How do you move forward together after he's had an affair?
I think it depends on the couple as a whole, their relationship together, and how they both feel. They need to dicuss their feeling and emotions and figure out if the love is still there and if the relationship is worth saving. The man needs to be able to try an attempt to earn his trust back, and if he will end the affair. That is, if it's still on-going. I think it all depends on the people themselves, and how they feel about it.Some woman will just write off their guy and say see-you-later!, and others may feel that their relationship has hit a barrier, but are they able to get past that blockage. I myself have never been in this situation, but I know many woman that have, and the best thing you can do is think can you deal with this, and move on? Is he willing to earn his trust? And most of all, is there still love in the air, or has the flame burnt out.
In one word.. FORGIVENESS. The only direction your relationship will go without forgiveness.. is down. Outside of that, the only other advice I'd give is this ..THINK, and be sure that you REALLY want to 'move forward'.
ACCEPTANCE WITHOUT QUESTIONING WHY? HOW? AND TO WHOM? instead by asking him if he really SINCERE for your forgiveness. Only one mistake is enough for you to accept him. This is also a trial for your relationship to grow and to know each other much deeper..And if you forgive him NEVER ever return those issue to him again...FORGIVE AND FORGET BUT LEARN FOR THOSE YOU'VE FORGIVEN..

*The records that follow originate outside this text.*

(* Consider the FJ-FA system with availability one and locality two (defined in the context), with systematic service rate $\gamma$ and recovery service rates $\mu$, and let $\nu = \gamma+2\mu$. Then the limiting fractions $f_0$ and $f_1$ of requests served with type-0 and type-1 service satisfy $$f_0 \ge \frac{\gamma\nu}{\gamma\nu + 2\mu^2}, \qquad f_1 \le \frac{2\mu^2}{\gamma\nu + 2\mu^2}.$$
   Context: Three servers store $a$ (systematic server), $b$ and $a+b$ (the two servers of the single recovery group for $a$). Requests arrive as a Poisson process of rate $\lambda$, and every request asks for $a$ (FJ-FA). Each request is replicated into a copy at the systematic server and a copy at the recovery group; the latter is forked into one sub-copy at each of the two recovery servers and completes when both finish. The request completes as soon as its systematic copy finishes or its recovery-group copy completes, and all its outstanding copies/sub-copies are then removed immediately. Each server has a FCFS queue and serves one sub-copy at a time; service times are independent, $\mathrm{Exp}(\gamma)$ at the systematic server and $\mathrm{Exp}(\mu)$ at each recovery server. A request is at the head of the line (HoL) once all its copies still in the system are in service; at that moment it starts service. Its service is of type 1 if one of its two recovery sub-copies had already finished service before it reached HoL, and of type 0 otherwise. The system is assumed stable, and $f_0, f_1$ ($f_0+f_1=1$) are the limiting fractions of requests whose service is of type 0 and type 1 respectively. *)

theory Defs
  imports "HOL-Probability.Probability"
begin

text \<open>Index type for the primitive random variables of the FJ-FA system:
  interarrival times, and the service times of request n at the systematic
  server (storing a) and at the two recovery servers (storing b and a+b).\<close>
datatype idx = Arr nat | SysS nat | RecB nat | RecC nat

definition arrival :: "(nat \<Rightarrow> real) \<Rightarrow> nat \<Rightarrow> real" where
  "arrival X n = (\<Sum>k\<le>n. X k)"

text \<open>Sample-path dynamics.  free A Sa Sb Sc n = times at which the systematic
  server and the two recovery servers become free of request n-1 (i.e. are
  available to request n).  A copy/sub-copy of request n at server s starts at
  T = max (A n) (free time), would finish at F = T + S, the request completes at
  C = min Fa (max Fb Fc), and server s is then freed at min F C (either the
  sub-copy finished or it was cancelled at completion).\<close>
fun free :: "(nat \<Rightarrow> real) \<Rightarrow> (nat \<Rightarrow> real) \<Rightarrow> (nat \<Rightarrow> real) \<Rightarrow> (nat \<Rightarrow> real)
              \<Rightarrow> nat \<Rightarrow> real \<times> real \<times> real" where
  "free A Sa Sb Sc 0 = (0, 0, 0)"
| "free A Sa Sb Sc (Suc n) =
     (case free A Sa Sb Sc n of (ea, eb, ec) \<Rightarrow>
       let ta = max (A n) ea; tb = max (A n) eb; tc = max (A n) ec;
           fa = ta + Sa n; fb = tb + Sb n; fc = tc + Sc n;
           c = min fa (max fb fc)
       in (min fa c, min fb c, min fc c))"

text \<open>Request n has type-1 service iff one of its recovery sub-copies finished
  service strictly before the request reached the head of the line, i.e. before
  the time when all its copies still in the system are in service (the maximum
  of the service start times of its three copies).\<close>
definition type1 :: "(nat \<Rightarrow> real) \<Rightarrow> (nat \<Rightarrow> real) \<Rightarrow> (nat \<Rightarrow> real) \<Rightarrow> (nat \<Rightarrow> real)
                      \<Rightarrow> nat \<Rightarrow> bool" where
  "type1 A Sa Sb Sc n =
     (case free A Sa Sb Sc n of (ea, eb, ec) \<Rightarrow>
       let ta = max (A n) ea; tb = max (A n) eb; tc = max (A n) ec;
           fb = tb + Sb n; fc = tc + Sc n;
           hol = max ta (max tb tc)
       in fb < hol \<or> fc < hol)"

definition req_type1 :: "(idx \<Rightarrow> 'w \<Rightarrow> real) \<Rightarrow> 'w \<Rightarrow> nat \<Rightarrow> bool" where
  "req_type1 Z \<omega> n =
     type1 (arrival (\<lambda>k. Z (Arr k) \<omega>)) (\<lambda>k. Z (SysS k) \<omega>) (\<lambda>k. Z (RecB k) \<omega>)
           (\<lambda>k. Z (RecC k) \<omega>) n"

definition frac1 :: "(idx \<Rightarrow> 'w \<Rightarrow> real) \<Rightarrow> 'w \<Rightarrow> nat \<Rightarrow> real" where
  "frac1 Z \<omega> N = real (card {n \<in> {..<N}. req_type1 Z \<omega> n}) / real N"

definition frac0 :: "(idx \<Rightarrow> 'w \<Rightarrow> real) \<Rightarrow> 'w \<Rightarrow> nat \<Rightarrow> real" where
  "frac0 Z \<omega> N = real (card {n \<in> {..<N}. \<not> req_type1 Z \<omega> n}) / real N"

end

theory Submission
  imports Defs "HOL-Real_Asymp.Real_Asymp"
begin

text \<open>Let \<open>u\<^sub>n\<close>, \<open>v\<^sub>n\<close> be the times at which request \<open>n\<close> can start at the two recovery
  servers. The systematic server is always released together with the later of the two, so request
  \<open>n\<close> reaches the head of the line at \<open>max u\<^sub>n v\<^sub>n\<close>, and it is of type 1 iff one of its
  recovery sub-copies finishes before that time. The lead \<open>L\<^sub>n = \<bar>u\<^sub>n - v\<^sub>n\<bar>\<close> serves as a
  potential: the service times of request \<open>n\<close> are fresh exponentials independent of
  \<open>(u\<^sub>n, v\<^sub>n)\<close>, and a direct computation gives
  \<open>E L\<^sub>n\<^sub>+\<^sub>1 \<le> E L\<^sub>n - c\<^sub>1 P(type 1) + c\<^sub>0 P(type 0)\<close> with
  \<open>c\<^sub>1 = \<gamma> / (\<mu> (\<gamma> + \<mu>))\<close> and \<open>c\<^sub>0 = 2\<mu> / ((\<gamma> + 2\<mu>) (\<gamma> + \<mu>))\<close>.
  Summing from \<open>L\<^sub>0 = 0\<close> gives \<open>c\<^sub>1 \<Sum> P(type 1) \<le> c\<^sub>0 \<Sum> P(type 0)\<close>, so the mean
  fraction of type-1 requests is at most \<open>c\<^sub>0 / (c\<^sub>1 + c\<^sub>0) = 2\<mu>\<^sup>2 / (\<gamma>\<nu> + 2\<mu>\<^sup>2)\<close>,
  and dominated convergence passes this bound to \<open>f\<^sub>1\<close>.\<close>

section \<open>Sample paths\<close>

definition arrivals :: "(idx \<Rightarrow> real) \<Rightarrow> nat \<Rightarrow> real" where
  "arrivals z = arrival (\<lambda>k. z (Arr k))"

definition free_at :: "(idx \<Rightarrow> real) \<Rightarrow> nat \<Rightarrow> real \<times> real \<times> real" where
  "free_at z = free (arrivals z) (\<lambda>k. z (SysS k)) (\<lambda>k. z (RecB k)) (\<lambda>k. z (RecC k))"

definition start_b :: "(idx \<Rightarrow> real) \<Rightarrow> nat \<Rightarrow> real" where
  "start_b z n = max (arrivals z n) (fst (snd (free_at z n)))"

definition start_c :: "(idx \<Rightarrow> real) \<Rightarrow> nat \<Rightarrow> real" where
  "start_c z n = max (arrivals z n) (snd (snd (free_at z n)))"

definition lead :: "(idx \<Rightarrow> real) \<Rightarrow> nat \<Rightarrow> real" where
  "lead z n = \<bar>start_b z n - start_c z n\<bar>"

text \<open>Type-1 service of a request whose recovery sub-copies start at \<open>u\<close>, \<open>v\<close> and need
  service times \<open>b\<close>, \<open>c\<close>; the request reaches the head of the line at \<open>max u v\<close>
  (see \<open>req_type1_iff\<close>).\<close>
definition early_recovery :: "real \<Rightarrow> real \<Rightarrow> real \<Rightarrow> real \<Rightarrow> bool" where
  "early_recovery u v b c \<longleftrightarrow> u + b < max u v \<or> v + c < max u v"

text \<open>The systematic copy is released at the completion time of the request, and so is the later
  recovery sub-copy, since the request cannot complete through its recovery group earlier.\<close>
lemma fst_free_eq_max:
  "fst (free A Sa Sb Sc n) = max (fst (snd (free A Sa Sb Sc n))) (snd (snd (free A Sa Sb Sc n)))"
  by (cases n) (auto simp: split_beta Let_def min_def max_def)

lemma fst_free_at_eq_max: "fst (free_at z n) = max (fst (snd (free_at z n))) (snd (snd (free_at z n)))"
  unfolding free_at_def by (rule fst_free_eq_max)

lemma free_at_Suc:
  fixes z :: "idx \<Rightarrow> real" and n :: nat
  defines "u \<equiv> start_b z n" and "v \<equiv> start_c z n"
  defines "fa \<equiv> max u v + z (SysS n)" and "fb \<equiv> u + z (RecB n)" and "fc \<equiv> v + z (RecC n)"
  shows "free_at z (Suc n) =
    (min fa (min fa (max fb fc)), min fb (min fa (max fb fc)), min fc (min fa (max fb fc)))"
proof -
  obtain ea eb ec where e: "free_at z n = (ea, eb, ec)" by (cases "free_at z n") auto
  have "ea = max eb ec"
    using fst_free_at_eq_max[of z n] e by simp
  then have "max (arrivals z n) ea = max u v"
    unfolding u_def v_def start_b_def start_c_def e by (simp add: max_def)
  moreover have "u = max (arrivals z n) eb" "v = max (arrivals z n) ec"
    unfolding u_def v_def start_b_def start_c_def e by simp_all
  ultimately show ?thesis
    using e unfolding fa_def fb_def fc_def free_at_def by (simp only: free.simps prod.case Let_def)
qed

lemma lead_0 [simp]: "lead z 0 = 0"
  by (simp add: lead_def start_b_def start_c_def free_at_def)

lemma lead_Suc_le:
  fixes z :: "idx \<Rightarrow> real" and n :: nat
  defines "u \<equiv> start_b z n" and "v \<equiv> start_c z n"
  shows "lead z (Suc n) \<le>
    \<bar>min (max u v + z (SysS n)) (u + z (RecB n)) - min (max u v + z (SysS n)) (v + z (RecC n))\<bar>"
proof -
  have max_lipschitz: "\<bar>max x p - max x q\<bar> \<le> \<bar>p - q\<bar>" for x p q :: real
    by (simp add: max_def abs_if)
  have cancel: "\<bar>min b (min a (max b c)) - min c (min a (max b c))\<bar> = \<bar>min a b - min a c\<bar>"
    for a b c :: real
    by (simp add: min_def max_def)
  show ?thesis
    using max_lipschitz[of "arrivals z (Suc n)" "fst (snd (free_at z (Suc n)))" "snd (snd (free_at z (Suc n)))"]
    unfolding lead_def start_b_def start_c_def
    by (simp only: free_at_Suc u_def v_def start_b_def start_c_def fst_conv snd_conv cancel)
qed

I've learned in dating the saying, "Once a cheater, always a cheater." This guy wants what he can't have, and perhaps he doesn't deserve you if you're the one trying to be faithful in a relationship that's going nowhere. If you're married, try counseling before rushing to a divorce, but if you're dating, I say, "Run, honey." You need a man who's devoted to you, and this guy obviously doesn't have your best interests at heart. Good luck with whatever you decide to do.